## Assignment
Print the line where "then obtain a" occurs and every line that follows it in the data below, ending with the last line, precisely as written.

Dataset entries
(* Let $d\geq 2$ and let $\mathsf{K}$ be a neighborly $d$-sphere obtained from the boundary complex of the cyclic polytope $C_{d+1}(n)$ by applying one single element extension, which adds a new vertex $w$. Then $\mathcal{F}(\mathsf{K})$ is $2$-colorable.
   Context: $C_{d+1}(n)$ is the cyclic $(d+1)$-polytope on $n$ vertices labelled $1,\dots,n$ along the moment curve; its facets are the $(d+1)$-subsets $f\subseteq[n]$ such that for all $i<j$ not in $f$, $|\{k\in f:i<k<j\}|$ is even. A simplicial complex on vertex set $V$ is $k$-neighborly if every $k$-subset of $V$ is a face; a neighborly $d$-sphere is a simplicial $d$-sphere that is $\lfloor (d+1)/2\rfloor$-neighborly. A PL $d$-ball $\mathsf{B}$ is $k$-stacked if every face of dimension at most $d-k-1$ lies in its boundary $\partial\mathsf{B}$. Single element extension: given a neighborly PL $d$-sphere $\mathsf{K}'$ on $V$ and a subcomplex $\mathsf{B}\subseteq\mathsf{K}'$ which is a PL $d$-ball that is $(\lfloor (d+1)/2\rfloor-1)$-neighborly with respect to $V$ and $(\lfloor (d+1)/2\rfloor-1)$-stacked, and a new vertex $w\notin V$, the result is $(\mathsf{K}'\setminus\mathsf{B})\cup(\partial\mathsf{B}*\{\emptyset,\{w\}\})$, where $*$ is the join $\mathcal{A}*\mathcal{B}=\{a\cup b: a\in\mathcal{A},b\in\mathcal{B}\}$. $\mathcal{F}(\mathsf{K})$ is the facet hypergraph; $2$-colorable means a $2$-coloring of vertices with no monochromatic facet. *)

theory Defs
  imports Main
begin

text \<open>Abstract simplicial complexes are represented by their sets of faces
  (including the empty face).\<close>

definition simplicial_complex :: "'a set set \<Rightarrow> bool" where
  "simplicial_complex K \<longleftrightarrow> finite K \<and> (\<forall>\<sigma>\<in>K. finite \<sigma>) \<and> (\<forall>\<sigma>\<in>K. \<forall>\<tau>. \<tau> \<subseteq> \<sigma> \<longrightarrow> \<tau> \<in> K)"

text \<open>Facets of the cyclic polytope C_{d+1}(n) on vertices 1..n (Gale evenness).\<close>
definition cyclic_facets :: "nat \<Rightarrow> nat \<Rightarrow> nat set set" where
  "cyclic_facets d n = {f. f \<subseteq> {1..n} \<and> card f = d + 1 \<and>
     (\<forall>i\<in>{1..n}. \<forall>j\<in>{1..n}. i < j \<and> i \<notin> f \<and> j \<notin> f \<longrightarrow>
        even (card {k\<in>f. i < k \<and> k < j}))}"

definition cyclic_boundary :: "nat \<Rightarrow> nat \<Rightarrow> nat set set" where
  "cyclic_boundary d n = {\<sigma>. \<exists>f\<in>cyclic_facets d n. \<sigma> \<subseteq> f}"

definition facets :: "'a set set \<Rightarrow> 'a set set" where
  "facets K = {\<sigma>\<in>K. \<forall>\<tau>\<in>K. \<sigma> \<subseteq> \<tau> \<longrightarrow> \<tau> = \<sigma>}"

definition stellar :: "'a set set \<Rightarrow> 'a set \<Rightarrow> 'a \<Rightarrow> 'a set set" where
  "stellar K \<sigma> v = (K - {\<tau>\<in>K. \<sigma> \<subseteq> \<tau>}) \<union>
     {insert v (\<alpha> \<union> \<rho>) | \<alpha> \<rho>. \<alpha> \<subset> \<sigma> \<and> \<rho> \<in> K \<and> \<rho> \<inter> \<sigma> = {} \<and> \<rho> \<union> \<sigma> \<in> K}"

definition stellar_step :: "nat set set \<Rightarrow> nat set set \<Rightarrow> bool" where
  "stellar_step K L \<longleftrightarrow> simplicial_complex K \<and>
     ((\<exists>\<sigma> v. \<sigma> \<in> K \<and> \<sigma> \<noteq> {} \<and> v \<notin> \<Union>K \<and> L = stellar K \<sigma> v) \<or>
      (\<exists>f. inj_on f (\<Union>K) \<and> L = (\<lambda>\<sigma>. f ` \<sigma>) ` K))"

text \<open>PL homeomorphism of finite simplicial complexes = stellar equivalence
  (Alexander--Newman): equivalence closure of stellar subdivisions and isomorphisms.\<close>
definition pl_homeomorphic :: "nat set set \<Rightarrow> nat set set \<Rightarrow> bool" where
  "pl_homeomorphic = (\<lambda>K L. stellar_step K L \<or> stellar_step L K)\<^sup>*\<^sup>*"

definition PL_ball :: "nat \<Rightarrow> nat set set \<Rightarrow> bool" where
  "PL_ball d B \<longleftrightarrow> simplicial_complex B \<and> pl_homeomorphic B (Pow {0..d})"

definition PL_sphere :: "nat \<Rightarrow> nat set set \<Rightarrow> bool" where
  "PL_sphere d K \<longleftrightarrow> simplicial_complex K \<and> pl_homeomorphic K (Pow {0..d+1} - {{0..d+1}})"

definition bdry :: "nat \<Rightarrow> 'a set set \<Rightarrow> 'a set set" where
  "bdry d B = {\<sigma>. \<exists>\<rho>\<in>B. \<sigma> \<subseteq> \<rho> \<and> card \<rho> = d \<and>
      card {f\<in>B. card f = d + 1 \<and> \<rho> \<subseteq> f} = 1}"

definition join :: "'a set set \<Rightarrow> 'a set set \<Rightarrow> 'a set set" where
  "join A B = {a \<union> b | a b. a \<in> A \<and> b \<in> B}"

definition neighborly_wrt :: "nat \<Rightarrow> 'a set \<Rightarrow> 'a set set \<Rightarrow> bool" where
  "neighborly_wrt k V B \<longleftrightarrow> (\<forall>S. S \<subseteq> V \<and> card S = k \<longrightarrow> S \<in> B)"

text \<open>k-stacked d-ball: every face of dimension at most d-k-1 (i.e. at most
  d-k vertices) lies in the boundary.\<close>
definition stacked :: "nat \<Rightarrow> nat \<Rightarrow> 'a set set \<Rightarrow> bool" where
  "stacked d k B \<longleftrightarrow> (\<forall>\<sigma>\<in>B. card \<sigma> \<le> d - k \<longrightarrow> \<sigma> \<in> bdry d B)"

definition single_element_extension :: "nat \<Rightarrow> 'a set set \<Rightarrow> 'a set set \<Rightarrow> 'a \<Rightarrow> 'a set set" where
  "single_element_extension d K' B w = (K' - B) \<union> join (bdry d B) {{}, {w}}"

definition two_colorable :: "'a set set \<Rightarrow> bool" where
  "two_colorable H \<longleftrightarrow> (\<exists>c :: 'a \<Rightarrow> bool. \<forall>f\<in>H. \<exists>x\<in>f. \<exists>y\<in>f. c x \<noteq> c y)"

end

theory Submission
  imports Defs
begin

(* Every facet of the extension is either a facet of C_{d+1}(n) outside B or the cone from w
  over a boundary ridge of B. Colour w like a set S of old vertices: it then suffices that
  each old facet outside B meets both S and its complement, and that no boundary ridge of B
  lies inside S. By Gale's evenness condition every facet contains two consecutive vertices,
  and a ridge with two interior vertices is never contained in one parity class; so the even
  vertices work unless d = 2 and n is even. Then take S = {1, n} if this edge is not in B.
  Otherwise stackedness puts it on the boundary of B, hence in a triangle {1, y, n} of B with
  y = 2 or y = n - 1, and S = the interior vertices of parity opposite to y works. *)

lemma bdry_face_in_facet:
  assumes "\<sigma> \<in> bdry d B"
  obtains f where "f \<in> B" "card f = d + 1" "\<sigma> \<subseteq> f"
proof -
  from assms obtain \<rho>
    where "\<sigma> \<subseteq> \<rho>" and one: "card {f\<in>B. card f = d + 1 \<and> \<rho> \<subseteq> f} = 1"
    unfolding bdry_def by auto
  moreover have "{f\<in>B. card f = d + 1 \<and> \<rho> \<subseteq> f} \<noteq> {}"
    using one card.empty by (metis zero_neq_one)
  ultimately show thesis using that by blast
qed

lemma facets_single_element_extension:
  assumes "simplicial_complex B" "B \<subseteq> {\<sigma>. \<exists>g\<in>F. \<sigma> \<subseteq> g}"
    and "f \<in> facets (single_element_extension d {\<sigma>. \<exists>g\<in>F. \<sigma> \<subseteq> g} B w)"
  obtains "f \<in> F" "f \<notin> B" | \<rho> where "\<rho> \<in> B" "card \<rho> = d" "f = insert w \<rho>"
proof -
  let ?K = "single_element_extension d {\<sigma>. \<exists>g\<in>F. \<sigma> \<subseteq> g} B w"
  have fK: "f \<in> ?K" and fmax: "\<And>\<tau>. \<tau> \<in> ?K \<Longrightarrow> f \<subseteq> \<tau> \<Longrightarrow> \<tau> = f"
    using assms(3) unfolding facets_def by auto
  consider "f \<in> {\<sigma>. \<exists>g\<in>F. \<sigma> \<subseteq> g} - B" | "f \<in> join (bdry d B) {{}, {w}}"
    using fK unfolding single_element_extension_def by blast
  then show thesis
  proof cases
    case 1
    then obtain g where g: "g \<in> F" "f \<subseteq> g" and "f \<notin> B" by blast
    then have "g \<notin> B" using assms(1) unfolding simplicial_complex_def by blast
    then have "g \<in> ?K" using g unfolding single_element_extension_def by blast
    then have "g = f" using fmax g(2) by blast
    then show thesis using that(1) g \<open>g \<notin> B\<close> by blast
  next
    case 2
    then obtain a b where ab: "f = a \<union> b" "a \<in> bdry d B" "b \<in> {{}, {w}}"
      unfolding join_def by blast
    then obtain \<rho> where \<rho>: "\<rho> \<in> B" "a \<subseteq> \<rho>" "card \<rho> = d"
      "card {f\<in>B. card f = d + 1 \<and> \<rho> \<subseteq> f} = 1"
      unfolding bdry_def by auto
    then have "\<rho> \<in> bdry d B" unfolding bdry_def by (intro CollectI bexI[of _ \<rho>]) auto
    then have "\<rho> \<union> {w} \<in> join (bdry d B) {{}, {w}}" unfolding join_def by blast
    then have "insert w \<rho> \<in> ?K" unfolding single_element_extension_def by simp
    moreover have "f \<subseteq> insert w \<rho>" using ab \<rho>(2) by auto
    ultimately have "insert w \<rho> = f" using fmax by blast
    then show thesis using that(2) \<rho> by blast
  qed
qed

## Result
    then obtain a b where ab: "f = a \<union> b" "a \<in> bdry d B" "b \<in> {{}, {w}}"
      unfolding join_def by blast
    then obtain \<rho> where \<rho>: "\<rho> \<in> B" "a \<subseteq> \<rho>" "card \<rho> = d"
      "card {f\<in>B. card f = d + 1 \<and> \<rho> \<subseteq> f} = 1"
      unfolding bdry_def by auto
    then have "\<rho> \<in> bdry d B" unfolding bdry_def by (intro CollectI bexI[of _ \<rho>]) auto
    then have "\<rho> \<union> {w} \<in> join (bdry d B) {{}, {w}}" unfolding join_def by blast
    then have "insert w \<rho> \<in> ?K" unfolding single_element_extension_def by simp
    moreover have "f \<subseteq> insert w \<rho>" using ab \<rho>(2) by auto
    ultimately have "insert w \<rho> = f" using fmax by blast
    then show thesis using that(2) \<rho> by blast
  qed
qed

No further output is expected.